Work instructions
All lines from the line containing "count A \<tau>" up to and including the last line of the listing below should be echoed exactly; no other lines belong in the response.

..........

lemma card_A_ge_three_eighths:
  assumes cV: "card V = 4 * m" and d: "d + 1 = 3 * m"
    and "m < card A" "card A < d" "2 \<le> card B"
  shows "3 * m + 3 \<le> 2 * card A"
proof -
  have B_small: "card B < d + 2" using card_A_B assms by linarith
  obtain T where "T \<subseteq> B" "card T = 2"
    using obtain_subset_with_card_n[OF \<open>2 \<le> card B\<close>] by blast
  then obtain u v where uv: "u \<in> B" "v \<in> B" "u \<noteq> v" by (auto simp: card_2_iff)
  have "A - {u,v} = A" using uv disjoint by blast
  then have "card (A - {u,v}) < d" using \<open>card A < d\<close> by simp
  then have "\<not> N u v \<subseteq> A" using uv partition by (intro pair_nbhd_not_subset) auto
  then obtain w where w: "w \<in> B" "w \<in> N u v"
    using pair_nbhd_subset[OF graph] partition by blast
  then have "u \<noteq> w" "v \<noteq> w" using pair_nbhd_subset[OF graph] by auto
  have bounds: "card B + card (A - N p q) + 3 * d + 4 \<le> 3 * card V"
    if "p \<in> B" "q \<in> B" "p \<noteq> q" for p q
    using pair_in_B_bound[OF that B_small] .
  have "card A \<le> card ((A - N u v) \<union> (A - N u w) \<union> (A - N v w))"
    using triangle_cover[OF uv(1,2) w] finite_A by (intro card_mono) auto
  also have "\<dots> \<le> card (A - N u v) + card (A - N u w) + card (A - N v w)"
    by (meson card_Un_le add_le_mono order_trans le_refl)
  finally show ?thesis
    using bounds[OF uv] bounds[OF uv(1) w(1) \<open>u \<noteq> w\<close>] bounds[OF uv(2) w(1) \<open>v \<noteq> w\<close>]
      card_A_B cV d
    by linarith
qed

end

theorem lemma8p10:
  fixes V :: "'a set" and G :: "'a set set" and A B :: "'a set"
  assumes "finite V"
    and "is_3graph V G"
    and "4 dvd card V"
    and "min_codeg_ge V G (3 * real (card V) / 4 - 1)"
    and "A \<union> B = V" and "A \<inter> B = {}"
    and "3 * real (card V) / 16 < real (card A)"
    and "real (card A) < 5 * real (card V) / 16"
  shows "\<exists>S. is_K4 G S \<and> odd (card (S \<inter> A)) \<and> odd (card (S \<inter> B))"
proof (rule ccontr)
  assume no_odd_K4: "\<not> ?thesis"
  obtain m where cV: "card V = 4 * m" using assms(3) by blast
  have "3 * real m < 4 * real (card A)" "4 * real (card A) < 5 * real m"
    using assms(7,8) cV by simp_all
  then have A_bounds: "3 * m < 4 * card A" "4 * card A < 5 * m" by linarith+
  define d where "d = 3 * m - 1"
  have d: "d + 1 = 3 * m" using A_bounds by (simp add: d_def)
  have codeg: "d \<le> codeg G x y" if "x \<in> V" "y \<in> V" "x \<noteq> y" for x y
  proof -
    have "3 * real m - 1 \<le> real (codeg G x y)"
      using assms(4) that cV by (simp add: min_codeg_ge_def)
    then show ?thesis unfolding d_def by linarith
  qed
  interpret odd_K4_free V G A B d
    by unfold_locales (use assms(1,2,5,6) codeg no_odd_K4 in auto)
  have card_A_B_eq: "card A + card B = 4 * m" using card_A_B cV by simp
  then obtain x u where "x \<in> A" "u \<in> B" using A_bounds by fastforce
  then have "m < card A" using quarter_lt_card_A[OF cV d] by blast
  moreover have "card A < d" "2 \<le> card B" using A_bounds d card_A_B_eq \<open>m < card A\<close> by linarith+
  ultimately have "3 * m + 3 \<le> 2 * card A" using card_A_ge_three_eighths[OF cV d] by blast
  then show False using A_bounds by linarith
qed

end
(* Let $G=(\Sigma,S,s_0,\delta)$ be a regular commutative grammar and let $K\in\mathbb{N}^\Sigma$. Then $K\in\mathrm{out}(G)$ if and only if there exist a run $D$ of $G$ with $\|D\| = O(|S|^{2|\Sigma|}\,|\Sigma|!)$ (the implicit constant being independent of $G$ and $K$), and simple cycles $C_1,\ldots,C_m\in\mathcal{C}_{\mathrm{supp}(D)}$ such that $C_1,\ldots,C_m$ are linearly independent and $K=\mathrm{out}(D)+\sum_{i=1}^m \alpha^i\,\mathrm{out}(C_i)$ for some $\alpha^1,\ldots,\alpha^m\in\mathbb{N}$.
   Context: For a finite set $X$, elements of $\mathbb{N}^X$ are multisets over $X$; for $v\in\mathbb{Q}^X$, $|v|=\sum_{x}|v(x)|$ and $\|v\|=\max_x|v(x)|$. A commutative grammar is $G=(\Sigma,S,s_0,\delta)$ where $\Sigma$ is a finite alphabet, $S$ a finite set of states, $s_0\in S$ the initial state, and $\delta\subseteq S\times\mathbb{N}^\Sigma\times\mathbb{N}^S$ a finite set of transitions; a transition $\tau=(s,a,t)$ has $\mathrm{source}(\tau)=s$, $\mathrm{out}(\tau)=a$, $\mathrm{target}(\tau)=t$. It is assumed that every state is the source of some transition and that every transition satisfies $|a|\le 1$, $|t|\le 2$. The grammar is regular if $|t|\le 1$ for every transition. For $D\in\mathbb{N}^\delta$: $\mathrm{source}(D)(s)=\sum_{\tau:\mathrm{source}(\tau)=s}D(\tau)$, $\mathrm{out}(D)=\sum_\tau D(\tau)\mathrm{out}(\tau)$, $\mathrm{target}(D)=\sum_\tau D(\tau)\mathrm{target}(\tau)$, and $\mathrm{supp}(D)=\{s\in S:\mathrm{source}(D)(s)>0\}$. $D$ is connected from $s$ if for every $t\in\mathrm{supp}(D)$, either $t=s$ or there are transitions $\tau_1,\ldots,\tau_m$ with $D(\tau_i)>0$, $\mathrm{source}(\tau_1)=s$, $\mathrm{source}(\tau_{i+1})\in\mathrm{target}(\tau_i)$ and $t\in\mathrm{target}(\tau_m)$. $D$ is a cycle from $s$ if it is connected from $s$ and $\mathrm{source}(D)=\mathrm{target}(D)$; $D$ is a run if it is connected from $s_0$ and $\mathrm{source}(D)=\mathrm{target}(D)+\{s_0\}$. $\mathrm{out}(G)=\{\mathrm{out}(D): D \text{ a run of } G\}$. A simple cycle is a nonzero cycle that cannot be written as a sum of smaller nonzero cycles; $\mathcal{C}_s$ is the set of simple cycles from $s$, and $\mathcal{C}_T=\bigcup_{s\in T}\mathcal{C}_s$ for $T\subseteq S$. *)

theory Defs
  imports Complex_Main "HOL-Library.Multiset"
begin

text \<open>Alphabet symbols and states are natural numbers (every finite grammar is
isomorphic to one of this form; fixing the types makes the constant in the
O-bound genuinely independent of the grammar).  Elements of N^X are multisets.\<close>

type_synonym trans = "nat \<times> nat multiset \<times> nat multiset"

definition src :: "trans \<Rightarrow> nat" where "src \<tau> = fst \<tau>"
definition outp :: "trans \<Rightarrow> nat multiset" where "outp \<tau> = fst (snd \<tau>)"
definition tgt :: "trans \<Rightarrow> nat multiset" where "tgt \<tau> = snd (snd \<tau>)"

definition comm_grammar ::
  "nat set \<Rightarrow> nat set \<Rightarrow> nat \<Rightarrow> trans set \<Rightarrow> bool" where
  "comm_grammar \<Sigma> S s0 \<delta> \<longleftrightarrow>
     finite \<Sigma> \<and> finite S \<and> s0 \<in> S \<and> finite \<delta> \<and>
     (\<forall>\<tau>\<in>\<delta>. src \<tau> \<in> S \<and> set_mset (outp \<tau>) \<subseteq> \<Sigma> \<and> set_mset (tgt \<tau>) \<subseteq> S
            \<and> size (outp \<tau>) \<le> 1 \<and> size (tgt \<tau>) \<le> 2) \<and>
     (\<forall>s\<in>S. \<exists>\<tau>\<in>\<delta>. src \<tau> = s)"

definition regular_grammar ::
  "nat set \<Rightarrow> nat set \<Rightarrow> nat \<Rightarrow> trans set \<Rightarrow> bool" where
  "regular_grammar \<Sigma> S s0 \<delta> \<longleftrightarrow>
     comm_grammar \<Sigma> S s0 \<delta> \<and> (\<forall>\<tau>\<in>\<delta>. size (tgt \<tau>) \<le> 1)"

text \<open>D in N^delta is a multiset of transitions with set_mset D contained in delta.\<close>

definition source_of :: "trans multiset \<Rightarrow> nat multiset" where
  "source_of D = image_mset src D"

definition out_of :: "trans multiset \<Rightarrow> nat multiset" where
  "out_of D = \<Sum>\<^sub># (image_mset outp D)"

definition target_of :: "trans multiset \<Rightarrow> nat multiset" where
  "target_of D = \<Sum>\<^sub># (image_mset tgt D)"

definition supp :: "trans multiset \<Rightarrow> nat set" where
  "supp D = set_mset (source_of D)"

definition mnorm :: "trans multiset \<Rightarrow> nat" where
  "mnorm D = Max (insert 0 (count D ` set_mset D))"

definition connected_from :: "trans multiset \<Rightarrow> nat \<Rightarrow> bool" where
  "connected_from D s \<longleftrightarrow>
     (\<forall>t\<in>supp D. t = s \<or>
        (\<exists>taus. taus \<noteq> [] \<and> (\<forall>\<tau>\<in>set taus. \<tau> \<in># D) \<and> src (hd taus) = s \<and>
           (\<forall>i. Suc i < length taus \<longrightarrow> src (taus ! Suc i) \<in># tgt (taus ! i)) \<and>
           t \<in># tgt (last taus)))"

definition cycle_from :: "trans set \<Rightarrow> trans multiset \<Rightarrow> nat \<Rightarrow> bool" where
  "cycle_from \<delta> D s \<longleftrightarrow> set_mset D \<subseteq> \<delta> \<and> connected_from D s \<and> source_of D = target_of D"

definition is_cycle :: "trans set \<Rightarrow> trans multiset \<Rightarrow> bool" where
  "is_cycle \<delta> D \<longleftrightarrow> (\<exists>s. cycle_from \<delta> D s)"

definition simple_cycle :: "trans set \<Rightarrow> trans multiset \<Rightarrow> bool" where
  "simple_cycle \<delta> C \<longleftrightarrow> C \<noteq> {#} \<and> is_cycle \<delta> C \<and>
     \<not> (\<exists>Cs. (\<forall>C'\<in>set Cs. C' \<noteq> {#} \<and> is_cycle \<delta> C' \<and> C' \<subset># C) \<and> sum_list Cs = C)"

definition simple_cycles_from :: "trans set \<Rightarrow> nat set \<Rightarrow> trans multiset set" where
  "simple_cycles_from \<delta> T = {C. \<exists>s\<in>T. simple_cycle \<delta> C \<and> cycle_from \<delta> C s}"

definition is_run :: "trans set \<Rightarrow> nat \<Rightarrow> trans multiset \<Rightarrow> bool" where
  "is_run \<delta> s0 D \<longleftrightarrow> set_mset D \<subseteq> \<delta> \<and> connected_from D s0 \<and>
     source_of D = target_of D + {#s0#}"

definition out_lang :: "trans set \<Rightarrow> nat \<Rightarrow> nat multiset set" where
  "out_lang \<delta> s0 = {out_of D | D. is_run \<delta> s0 D}"

definition lin_indep :: "trans multiset list \<Rightarrow> bool" where
  "lin_indep Cs \<longleftrightarrow>
     (\<forall>c :: nat \<Rightarrow> rat.
        (\<forall>\<tau>. (\<Sum>i<length Cs. c i * of_nat (count (Cs ! i) \<tau>)) = 0) \<longrightarrow>
        (\<forall>i<length Cs. c i = 0))"

end

theory Submission
  imports Defs "HOL-Library.Function_Algebras"
begin

text \<open>
  Adding simple cycles from the support of a run to it yields again a run, which gives one
  direction.  Conversely, let \<open>R\<close> be a run.  As long as the part of \<open>R\<close> exceeding its
  support contains a cycle, a simple cycle can be split off without changing the support; once
  it is acyclic, a counting argument bounds every multiplicity by \<open>|\<delta>| + 2\<close>.  By
  Caratheodory's theorem the split-off simple cycles form a nonnegative rational combination of
  at most \<open>|\<delta>|\<close> linearly independent ones, and rounding its coefficients down leaves a
  balanced remainder of multiplicity at most \<open>|\<delta>|\<close>, which is moved back into the run.  Since
  \<open>|\<delta>| \<le> |S| (|\<Sigma>| + 1) (|S| + 1)\<close>, this gives the bound; for \<open>\<Sigma> = {}\<close>, where the
  bound is a constant, a cycle-free run is used instead.
\<close>

lemma source_of_empty [simp]: "source_of {#} = {#}"
  by (simp add: source_of_def)

lemma target_of_empty [simp]: "target_of {#} = {#}"
  by (simp add: target_of_def)

lemma out_of_empty [simp]: "out_of {#} = {#}"
  by (simp add: out_of_def)

lemma source_of_add_mset [simp]: "source_of (add_mset \<tau> A) = add_mset (src \<tau>) (source_of A)"
  by (simp add: source_of_def)

lemma target_of_add_mset [simp]: "target_of (add_mset \<tau> A) = tgt \<tau> + target_of A"
  by (simp add: target_of_def)

lemma out_of_add_mset [simp]: "out_of (add_mset \<tau> A) = outp \<tau> + out_of A"
  by (simp add: out_of_def)

lemma source_of_union [simp]: "source_of (A + B) = source_of A + source_of B"
  by (simp add: source_of_def)

lemma target_of_union [simp]: "target_of (A + B) = target_of A + target_of B"
  by (simp add: target_of_def)

lemma out_of_union [simp]: "out_of (A + B) = out_of A + out_of B"
  by (simp add: out_of_def)

lemma source_of_repeat_mset [simp]: "source_of (repeat_mset n A) = repeat_mset n (source_of A)"
  by (induction n) auto

lemma target_of_repeat_mset [simp]: "target_of (repeat_mset n A) = repeat_mset n (target_of A)"
  by (induction n) auto

lemma out_of_repeat_mset [simp]: "out_of (repeat_mset n A) = repeat_mset n (out_of A)"
  by (induction n) auto

lemma source_of_sum: "source_of (\<Sum>i\<in>I. f i) = (\<Sum>i\<in>I. source_of (f i))"
  by (induction I rule: infinite_finite_induct) auto

lemma target_of_sum: "target_of (\<Sum>i\<in>I. f i) = (\<Sum>i\<in>I. target_of (f i))"
  by (induction I rule: infinite_finite_induct) auto

lemma out_of_sum: "out_of (\<Sum>i\<in>I. f i) = (\<Sum>i\<in>I. out_of (f i))"
  by (induction I rule: infinite_finite_induct) auto

lemma source_of_sum_list: "source_of (sum_list As) = sum_list (map source_of As)"
  by (induction As) auto

lemma target_of_sum_list: "target_of (sum_list As) = sum_list (map target_of As)"
  by (induction As) auto

lemma size_source_of [simp]: "size (source_of A) = size A"
  by (simp add: source_of_def)

lemma set_mset_out_of_subset:
  "(\<forall>\<tau>\<in>#A. set_mset (outp \<tau>) \<subseteq> X) \<Longrightarrow> set_mset (out_of A) \<subseteq> X"
  by (induction A) auto

lemma filter_source_of:
  "filter_mset P (source_of A) = source_of (filter_mset (\<lambda>\<tau>. P (src \<tau>)) A)"
  unfolding source_of_def by (simp add: image_mset_filter_mset_swap)

lemma supp_eq_image_src: "supp A = src ` set_mset A"
  by (simp add: supp_def source_of_def)

lemma mnorm_le: "(\<And>\<tau>. count A \<tau> \<le> b) \<Longrightarrow> mnorm A \<le> b"
  unfolding mnorm_def by (subst Max_le_iff) auto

..........

Response
lemma mnorm_le: "(\<And>\<tau>. count A \<tau> \<le> b) \<Longrightarrow> mnorm A \<le> b"
  unfolding mnorm_def by (subst Max_le_iff) auto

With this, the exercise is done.